[Opening Study material section]

(* Let $a<b$ and let $\mu$ be a probability distribution function constant on the complement of $[a,b]$. Let $\theta_1<\cdots<\theta_k$ and $d_1,\dots,d_k$ be the nodes and weights of the $k$-point Gaussian quadrature rule $\mathrm{GQ}_k(\mu)$, and set $\theta_0=a$, $\theta_{k+1}=b$, $d_0=d_{k+1}=0$. Then $$d_{\mathrm{KS}}(\mu,\mathrm{GQ}_k(\mu))\le\max_{j=1,\dots,k}d_j,\qquad d_{\mathrm{W}}(\mu,\mathrm{GQ}_k(\mu))\le\sum_{j=0}^{k}\max\{d_j,d_{j+1}\}(\theta_{j+1}-\theta_j).$$
   Context: For a probability distribution function $\mu$ with finite moments up to degree $2k-1$, the $k$-point Gaussian quadrature rule $\mathrm{GQ}_k(\mu)$ is the distribution function $\sum_{j=1}^k d_j\mathbb{1}[\theta_j\le x]$ with nodes $\theta_j$ and nonnegative weights $d_j$ such that $\int p\,d\mu=\int p\,d\mathrm{GQ}_k(\mu)$ for all polynomials $p$ of degree $\le2k-1$. $d_{\mathrm{KS}}(\mu,\nu)=\sup_x|\mu(x)-\nu(x)|$ and $d_{\mathrm{W}}(\mu,\nu)=\int|\mu(x)-\nu(x)|\,dx$. *)

theory Defs
  imports "HOL-Analysis.Analysis" "HOL-Computational_Algebra.Polynomial"
begin

definition is_distribution_function :: "(real \<Rightarrow> real) \<Rightarrow> bool" where
  "is_distribution_function F \<longleftrightarrow>
     mono F \<and> (\<forall>x. continuous (at_right x) F) \<and>
     (F \<longlongrightarrow> 0) at_bot \<and> (F \<longlongrightarrow> 1) at_top"

abbreviation ls_measure :: "(real \<Rightarrow> real) \<Rightarrow> real measure" where
  "ls_measure F \<equiv> interval_measure F"

definition quad_df :: "nat \<Rightarrow> (nat \<Rightarrow> real) \<Rightarrow> (nat \<Rightarrow> real) \<Rightarrow> real \<Rightarrow> real" where
  "quad_df k \<theta> d x = (\<Sum>j\<in>{1..k}. d j * (if \<theta> j \<le> x then 1 else 0))"

definition is_GQ :: "nat \<Rightarrow> (real \<Rightarrow> real) \<Rightarrow> (nat \<Rightarrow> real) \<Rightarrow> (nat \<Rightarrow> real) \<Rightarrow> bool" where
  "is_GQ k \<mu> \<theta> d \<longleftrightarrow>
     (\<forall>i j. 1 \<le> i \<longrightarrow> i < j \<longrightarrow> j \<le> k \<longrightarrow> \<theta> i < \<theta> j) \<and>
     (\<forall>j\<in>{1..k}. 0 \<le> d j) \<and>
     (\<forall>m. m \<le> 2*k - 1 \<longrightarrow> integrable (ls_measure \<mu>) (\<lambda>x. x ^ m)) \<and>
     (\<forall>p :: real poly. degree p \<le> 2*k - 1 \<longrightarrow>
        integral\<^sup>L (ls_measure \<mu>) (poly p) = (\<Sum>j\<in>{1..k}. d j * poly p (\<theta> j)))"

definition d_KS :: "(real \<Rightarrow> real) \<Rightarrow> (real \<Rightarrow> real) \<Rightarrow> real" where
  "d_KS F G = (SUP x. \<bar>F x - G x\<bar>)"

definition d_W :: "(real \<Rightarrow> real) \<Rightarrow> (real \<Rightarrow> real) \<Rightarrow> ennreal" where
  "d_W F G = (\<integral>\<^sup>+ x. ennreal \<bar>F x - G x\<bar> \<partial>lborel)"

end

theory Submission
  imports Defs "HOL-Computational_Algebra.Polynomial_Factorial"
    "HOL-Computational_Algebra.Field_as_Ring" "HOL-Probability.Probability"
begin

(* Let F be the distribution function of mu and G that of its Gaussian rule.  By the
   Chebyshev-Markov-Stieltjes inequalities
     d_1 + ... + d_(j-1) <= F(theta_j -)   and   F(theta_j) <= d_1 + ... + d_j,
   so |F - G| <= max(d_j, d_(j+1)) on [theta_j, theta_(j+1)).  For the upper inequality the rule
   integrates exactly a polynomial p of degree 2k-2 that lies above the indicator of
   (-inf, theta_j] and agrees with it at the nodes: the Hermite interpolant of these values with
   p' = 0 at every node except theta_j.  Rolle's theorem gives a zero of p' in every gap except
   (theta_j, theta_(j+1)); with the nodes these are all 2k-3 zeros of p', which fixes the sign of
   p' and hence the shape of p.  Reflecting the nodes gives the lower inequality.  Outside [a, b]
   F = G, since nodes of positive weight lie in [a, b]; integrating the pointwise bound over
   [a, b] gives the Wasserstein estimate. *)

section \<open>Polynomials above step functions\<close>

lemma poly_and_pderiv_eq_0_if_square_dvd:
  fixes q :: "'a::idom poly"
  assumes "[:-s, 1:]^2 dvd q"
  shows "poly q s = 0" "poly (pderiv q) s = 0"
proof -
  obtain r where r: "q = [:-s, 1:]^2 * r" using assms by blast
  have "pderiv ([:-s, 1:]^2) = smult 2 [:-s, 1:]"
    by (simp add: power2_eq_square pderiv_mult pderiv_pCons)
  then show "poly q s = 0" "poly (pderiv q) s = 0"
    by (simp_all add: r pderiv_mult)
qed

lemma prod_linear_dvd_if_roots:
  fixes q :: "'a::idom poly"
  assumes "finite Z" "\<And>z. z \<in> Z \<Longrightarrow> poly q z = 0"
  shows "(\<Prod>z\<in>Z. [:-z, 1:]) dvd q"
  using assms
proof (induction Z rule: finite_induct)
  case empty
  then show ?case by simp
next
  case (insert z Z)
  then obtain r where r: "q = (\<Prod>z\<in>Z. [:-z, 1:]) * r" by auto
  have "poly (\<Prod>z\<in>Z. [:-z, 1:]) z \<noteq> 0"
    using insert.hyps by (auto simp: poly_prod)
  then have "poly r z = 0" using insert.prems[of z] by (simp add: r)
  then obtain r' where "r = [:-z, 1:] * r'" by (auto simp: poly_eq_0_iff_dvd)
  then have "q = ([:-z, 1:] * (\<Prod>z\<in>Z. [:-z, 1:])) * r'" by (simp only: r mult_ac)
  then show ?case using insert.hyps by simp
qed

lemma poly_eq_const_mult_prod_roots:
  fixes q :: "'a::idom poly"
  assumes "finite Z" "\<And>z. z \<in> Z \<Longrightarrow> poly q z = 0" "degree q \<le> card Z"
  obtains c where "\<And>x. poly q x = c * (\<Prod>z\<in>Z. x - z)"
proof -
  obtain r where r: "q = (\<Prod>z\<in>Z. [:-z, 1:]) * r"
    using prod_linear_dvd_if_roots[OF assms(1,2)] by blast
  have "degree r = 0"
  proof (cases "r = 0")
    case False
    have "degree (\<Prod>z\<in>Z. [:-z, 1:]) = card Z"
      by (subst degree_prod_sum_eq) simp_all
    then show ?thesis
      using assms(3) False by (simp add: r degree_mult_eq prod_zero_iff[OF assms(1)])
  qed simp
  then obtain c where "r = [:c:]" by (rule degree_eq_zeroE)
  then show ?thesis by (intro that[of c]) (simp add: r poly_prod mult.commute)
qed

lemma coprime_poly_interpolation:
  fixes A B :: "'a::field_gcd poly"
  assumes "coprime A B" "0 < degree B"
  obtains p where "A dvd p - 1" "B dvd p" "degree p < degree A + degree B"
proof -
  obtain u v where uv: "u * A + v * B = 1"
    using bezout_coefficients_fst_snd[of A B] assms(1) by (metis coprime_iff_gcd_eq_1)
  define r where "r = (-u) mod B"
  define s where "s = (-u) div B"
  have "r = -u - s * B" unfolding r_def s_def by (rule minus_div_mult_eq_mod[symmetric])
  then have "1 + A * r = B * (v - A * s)"
    by (simp only:) (simp add: uv[symmetric] algebra_simps)
  then have "B dvd 1 + A * r" by simp
  have "B \<noteq> 0" using assms(2) by auto
  then have "degree r < degree B"
    using degree_mod_less[of B "-u"] assms(2) by (cases "r = 0") (auto simp: r_def)
  then have "degree (1 + A * r) < degree A + degree B"
    using degree_mult_le[of A r] degree_add_le_max[of 1 "A * r"] assms(2) by simp
  with \<open>B dvd 1 + A * r\<close> show ?thesis by (intro that[of "1 + A * r"]) simp_all
qed

lemma coprime_linear_poly:
  fixes a b :: "'a::field_gcd"
  assumes "a \<noteq> b"
  shows "coprime [:-a, 1:] [:-b, 1:]"
proof (rule prime_elem_imp_coprime)
  show "prime_elem [:-a, 1:]" by (rule prime_elem_linear_field_poly) simp
  show "\<not> [:-a, 1:] dvd [:-b, 1:]" using assms by (simp flip: poly_eq_0_iff_dvd)
qed

lemma hermite_step_poly:
  fixes t :: "nat \<Rightarrow> 'a::field_gcd"
  assumes t: "inj_on t {1..k}" and j: "1 \<le> j" "j < k"
  obtains p where "degree p \<le> 2*k - 2"
    "\<And>i. i \<in> {1..k} \<Longrightarrow> poly p (t i) = of_bool (i \<le> j)"
    "\<And>i. i \<in> {1..k} - {j} \<Longrightarrow> poly (pderiv p) (t i) = 0"
proof -
  define A where "A = [:-t j, 1:] * (\<Prod>i\<in>{1..<j}. [:-t i, 1:]^2)"
  define B where "B = (\<Prod>i\<in>{j<..k}. [:-t i, 1:]^2)"
  have "coprime [:-t i, 1:] [:-t i', 1:]" if "i \<in> {1..j}" "i' \<in> {j<..k}" for i i'
    using that inj_onD[OF t, of i i'] j by (intro coprime_linear_poly) auto
  then have "coprime A B"
    unfolding A_def B_def coprime_mult_left_iff
    using j by (intro conjI prod_coprime_left prod_coprime_right) auto
  moreover have deg_B: "degree B = 2 * (k - j)"
    unfolding B_def by (subst degree_prod_sum_eq) (simp_all add: degree_linear_power)
  ultimately obtain p where p: "A dvd p - 1" "B dvd p" "degree p < degree A + degree B"
    using j by (elim coprime_poly_interpolation) auto
  have "degree A = 2 * j - 1"
    unfolding A_def using j
    by (subst degree_mult_eq) (simp_all add: degree_prod_sum_eq degree_linear_power)
  then have "degree p \<le> 2*k - 2" using p(3) deg_B j by linarith
  moreover have sq_A: "[:-t i, 1:]^2 dvd p - 1" if "i \<in> {1..<j}" for i
  proof -
    have "[:-t i, 1:]^2 dvd A" unfolding A_def using that by (intro dvd_mult dvd_prodI) auto
    then show ?thesis using p(1) by (rule dvd_trans)
  qed
  moreover have sq_B: "[:-t i, 1:]^2 dvd p" if "i \<in> {j<..k}" for i
  proof -
    have "[:-t i, 1:]^2 dvd B" unfolding B_def using that by (intro dvd_prodI) auto
    then show ?thesis using p(2) by (rule dvd_trans)
  qed
  moreover have "poly (p - 1) (t j) = 0"
    using p(1) unfolding A_def poly_eq_0_iff_dvd by (rule dvd_mult_left)
  ultimately show ?thesis
  proof (intro that)
    fix i assume i: "i \<in> {1..k}"
    show "poly p (t i) = of_bool (i \<le> j)"
    proof (cases "i \<le> j")
      case True
      then have "poly (p - 1) (t i) = 0"
        using i \<open>poly (p - 1) (t j) = 0\<close> poly_and_pderiv_eq_0_if_square_dvd(1)[OF sq_A]
        by (cases "i = j") auto
      then show ?thesis using True by simp
    next
      case False
      then show ?thesis using i poly_and_pderiv_eq_0_if_square_dvd(1)[OF sq_B] by simp
    qed
  next
    fix i assume i: "i \<in> {1..k} - {j}"
    show "poly (pderiv p) (t i) = 0"
    proof (cases "i < j")
      case True
      then show ?thesis
        using i poly_and_pderiv_eq_0_if_square_dvd(2)[OF sq_A] by (simp add: pderiv_diff)
    next
      case False
      then show ?thesis using i poly_and_pderiv_eq_0_if_square_dvd(2)[OF sq_B] by simp
    qed
  qed
qed

text \<open>\<open>in_gap k t i x\<close>: exactly the nodes \<open>t 1, ..., t i\<close> lie at or below \<open>x\<close>; the gaps
  \<open>i = 0\<close> and \<open>i = k\<close> are the unbounded ones before the first and after the last node.\<close>

definition in_gap :: "nat \<Rightarrow> (nat \<Rightarrow> 'a::linorder) \<Rightarrow> nat \<Rightarrow> 'a \<Rightarrow> bool" where
  "in_gap k t i x \<longleftrightarrow> i \<le> k \<and> (1 \<le> i \<longrightarrow> t i \<le> x) \<and> (i < k \<longrightarrow> x < t (Suc i))"

lemma ex_in_gap: "\<exists>i. in_gap k t i x"
proof -
  define I where "I = {i\<in>{1..k}. t i \<le> x}"
  show ?thesis
  proof (cases "I = {}")
    case True
    then have "1 \<notin> I" by blast
    then show ?thesis by (intro exI[of _ 0]) (auto simp: I_def in_gap_def)
  next
    case False
    have "finite I" by (simp add: I_def)
    with False have "Max I \<in> I" "Suc (Max I) \<notin> I" by (auto dest: Max_ge)
    then show ?thesis by (intro exI[of _ "Max I"]) (auto simp: I_def in_gap_def)
  qed
qed

lemma node_le_iff_in_gap:
  fixes t :: "nat \<Rightarrow> 'a::linorder"
  assumes t: "strict_mono_on {1..k} t" and gap: "in_gap k t i x" and i': "i' \<in> {1..k}"
  shows "t i' \<le> x \<longleftrightarrow> i' \<le> i"
proof
  assume "t i' \<le> x"
  show "i' \<le> i"
  proof (rule ccontr)
    assume "\<not> i' \<le> i"
    then have "t (Suc i) \<le> t i'"
      using gap i' by (intro strict_mono_on_leD[OF t]) (auto simp: in_gap_def)
    then show False using \<open>t i' \<le> x\<close> \<open>\<not> i' \<le> i\<close> gap i' by (fastforce simp: in_gap_def)
  qed
next
  assume "i' \<le> i"
  then have "t i' \<le> t i" using gap i' by (intro strict_mono_on_leD[OF t]) (auto simp: in_gap_def)
  then show "t i' \<le> x" using \<open>i' \<le> i\<close> gap i' by (fastforce simp: in_gap_def)
qed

[Closing Study material section]

## Required action
Above are the records; copy each line from them that includes the string "symmetric".

## Response box
  have "r = -u - s * B" unfolding r_def s_def by (rule minus_div_mult_eq_mod[symmetric])
    by (simp only:) (simp add: uv[symmetric] algebra_simps)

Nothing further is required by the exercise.